The salamander tail displays different functions and morphologies in the aquatic and terrestrial stages of species with complex life cycles. During metamorphosis the function of the tail changes; the larval tail functions in aquatic locomotion while the juvenile and adult tail exhibits tail autotomy and fat storage functions. Because tail injury is common in the aquatic environment, we hypothesized that mechanisms have evolved to prevent altered larval tail morphology from affecting normal juvenile tail morphology. The hypothesis that injury to the larval tail would not affect juvenile tail morphology was investigated by comparing tail development and regeneration in Hemidactylium scutatum (Caudata: Plethodontidae). The experimental design included larvae with uninjured tails and with cut tails to simulate natural predation. The morphological variables analyzed to compare normally developing and regenerating tails were 1) tail length, 2) number of caudal vertebrae, and 3) vertebral centrum length. Control and experimental groups do not differ in time to metamorphosis or snout-vent length. Tails of experimental individuals are shorter than controls, yet they display a significantly higher rate of tail growth and less resorption of tail tissue.

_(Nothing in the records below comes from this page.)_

(* Backward induction on n, starting from V_N = 0. If V_{n+1} lies between the affine
   functions -c - a x^+ and c' + a x^-, then, since 0 <= f(y) <= y and
   0 <= pi_R(f) <= pi_R(Y), the argument of rho_n lies almost surely between a constant and
   (1 + beta a) Y_{n+1} plus a constant; monotonicity and translation invariance of rho_n turn
   this into the bounds for V_n. The estimates hold pathwise. *)

lemma Lp_dominated:
  assumes "X \<in> borel_measurable M" "G \<in> Lp M p" "0 \<le> p"
    and "AE \<omega> in M. \<bar>X \<omega>\<bar> \<le> \<bar>G \<omega>\<bar>"
  shows "X \<in> Lp M p"
proof -
  have "integrable M (\<lambda>\<omega>. \<bar>X \<omega>\<bar> powr p)"
  proof (rule Bochner_Integration.integrable_bound)
    show "integrable M (\<lambda>\<omega>. \<bar>G \<omega>\<bar> powr p)" using assms(2) by (simp add: Lp_def)
    show "(\<lambda>\<omega>. \<bar>X \<omega>\<bar> powr p) \<in> borel_measurable M" using assms(1) by measurable
    show "AE \<omega> in M. norm (\<bar>X \<omega>\<bar> powr p) \<le> norm (\<bar>G \<omega>\<bar> powr p)"
      using assms(4) by eventually_elim (simp add: powr_mono2 assms(3))
  qed
  then show ?thesis using assms(1) by (simp add: Lp_def)
qed

lemma abs_add_powr_le:
  fixes a b p :: real
  assumes "0 \<le> p"
  shows "\<bar>a + b\<bar> powr p \<le> 2 powr p * (\<bar>a\<bar> powr p + \<bar>b\<bar> powr p)"
proof -
  have "\<bar>a + b\<bar> powr p \<le> (2 * max \<bar>a\<bar> \<bar>b\<bar>) powr p"
    by (rule powr_mono2) (auto simp: assms)
  also have "\<dots> = 2 powr p * max \<bar>a\<bar> \<bar>b\<bar> powr p"
    by (simp add: powr_mult)
  also have "max \<bar>a\<bar> \<bar>b\<bar> powr p \<le> \<bar>a\<bar> powr p + \<bar>b\<bar> powr p"
    by (cases "\<bar>a\<bar> \<le> \<bar>b\<bar>") (auto simp: max_def)
  finally show ?thesis by simp
qed

lemma Lp_add:
  assumes "X \<in> Lp M p" "Y \<in> Lp M p" "0 \<le> p"
  shows "(\<lambda>\<omega>. X \<omega> + Y \<omega>) \<in> Lp M p"
proof -
  have X: "X \<in> borel_measurable M" "integrable M (\<lambda>\<omega>. \<bar>X \<omega>\<bar> powr p)"
    and Y: "Y \<in> borel_measurable M" "integrable M (\<lambda>\<omega>. \<bar>Y \<omega>\<bar> powr p)"
    using assms by (auto simp: Lp_def)
  have "integrable M (\<lambda>\<omega>. \<bar>X \<omega> + Y \<omega>\<bar> powr p)"
  proof (rule Bochner_Integration.integrable_bound)
    show "integrable M (\<lambda>\<omega>. 2 powr p * (\<bar>X \<omega>\<bar> powr p + \<bar>Y \<omega>\<bar> powr p))"
      using X Y by auto
    show "(\<lambda>\<omega>. \<bar>X \<omega> + Y \<omega>\<bar> powr p) \<in> borel_measurable M" using X Y by measurable
    show "AE \<omega> in M. norm (\<bar>X \<omega> + Y \<omega>\<bar> powr p)
                       \<le> norm (2 powr p * (\<bar>X \<omega>\<bar> powr p + \<bar>Y \<omega>\<bar> powr p))"
      using abs_add_powr_le[OF assms(3)] by auto
  qed
  then show ?thesis using X Y by (simp add: Lp_def)
qed

lemma Lp_cmult:
  assumes "X \<in> Lp M p"
  shows "(\<lambda>\<omega>. c * X \<omega>) \<in> Lp M p"
proof -
  have "(\<lambda>\<omega>. \<bar>c * X \<omega>\<bar> powr p) = (\<lambda>\<omega>. \<bar>c\<bar> powr p * \<bar>X \<omega>\<bar> powr p)"
    by (simp add: abs_mult powr_mult)
  moreover have "X \<in> borel_measurable M" "integrable M (\<lambda>\<omega>. \<bar>X \<omega>\<bar> powr p)"
    using assms by (auto simp: Lp_def)
  ultimately show ?thesis by (simp add: Lp_def)
qed

lemma Lp_abs: "X \<in> Lp M p \<Longrightarrow> (\<lambda>\<omega>. \<bar>X \<omega>\<bar>) \<in> Lp M p"
  by (simp add: Lp_def borel_measurable_abs)

lemma Lp_const: "finite_measure M \<Longrightarrow> (\<lambda>_. c) \<in> Lp M p"
  by (simp add: Lp_def finite_measure.integrable_const)

lemma Lp_plus_cmult: "X \<in> Lp_plus M p \<Longrightarrow> 0 \<le> c \<Longrightarrow> (\<lambda>\<omega>. c * X \<omega>) \<in> Lp_plus M p"
  by (auto simp: Lp_plus_def Lp_cmult elim: AE_mp)

lemma Fset_nonneg: "f \<in> Fset \<Longrightarrow> 0 \<le> f t"
  by (cases "t < 0") (auto simp: Fset_def)

lemma Fset_le: "f \<in> Fset \<Longrightarrow> 0 \<le> t \<Longrightarrow> f t \<le> t"
  by (auto simp: Fset_def)

lemma Fset_mono: "f \<in> Fset \<Longrightarrow> mono f"
proof (rule monoI)
  fix s t :: real assume f: "f \<in> Fset" and "s \<le> t"
  show "f s \<le> f t"
  proof (cases "s < 0")
    case True then show ?thesis using f Fset_nonneg[OF f, of t] by (simp add: Fset_def)
  next
    case False then show ?thesis using \<open>s \<le> t\<close> f by (auto simp: Fset_def mono_on_def)
  qed
qed

lemma Fset_borel_measurable: "f \<in> Fset \<Longrightarrow> f \<in> borel_measurable borel"
  by (rule borel_measurable_mono[OF Fset_mono])

lemma Lp_plus_ceded:
  assumes "f \<in> Fset" "Y \<in> Lp_plus M p" "0 \<le> p"
  shows "(\<lambda>\<omega>. Y \<omega> - f (Y \<omega>)) \<in> Lp_plus M p"
proof -
  have Y: "Y \<in> borel_measurable M" "Y \<in> Lp M p" "AE \<omega> in M. 0 \<le> Y \<omega>"
    using assms(2) by (auto simp: Lp_plus_def Lp_def)
  have "(\<lambda>\<omega>. Y \<omega> - f (Y \<omega>)) \<in> borel_measurable M"
    using Y(1) Fset_borel_measurable[OF assms(1)] by measurable
  moreover have "AE \<omega> in M. 0 \<le> Y \<omega> - f (Y \<omega>) \<and> \<bar>Y \<omega> - f (Y \<omega>)\<bar> \<le> \<bar>Y \<omega>\<bar>"
    using Y(3) by eventually_elim (use Fset_nonneg Fset_le assms(1) in fastforce)
  ultimately show ?thesis
    using Lp_dominated[OF _ Y(2) assms(3)] by (auto simp: Lp_plus_def elim: AE_mp)
qed

lemma monotone_rmD:
  "monotone_rm M S \<rho> \<Longrightarrow> X \<in> S \<Longrightarrow> X' \<in> S \<Longrightarrow> (AE \<omega> in M. X \<omega> \<le> X' \<omega>) \<Longrightarrow> \<rho> X \<le> \<rho> X'"
  by (simp add: monotone_rm_def)

lemma risk_measure_add_const:
  "risk_measure M p R \<Longrightarrow> X \<in> Lp M p \<Longrightarrow> R (\<lambda>\<omega>. X \<omega> + c) = R X + ereal c"
  unfolding risk_measure_def translation_invariant_def by blast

Anterior to the site of tail injury, caudal vertebrae in juveniles display greater average centrum lengths. Results suggest that regenerative mechanisms are functioning not only to produce structures, but also to influence growth of existing structures. Further investigation of juvenile and adult stages as well as comparative analyses of tail morphology in salamanders with complex life cycles will enhance our understanding of amphibian development and of the evolution of amphibian life cycles. J Morphol 233:15-29, 1997. © 1997 Wiley-Liss, Inc.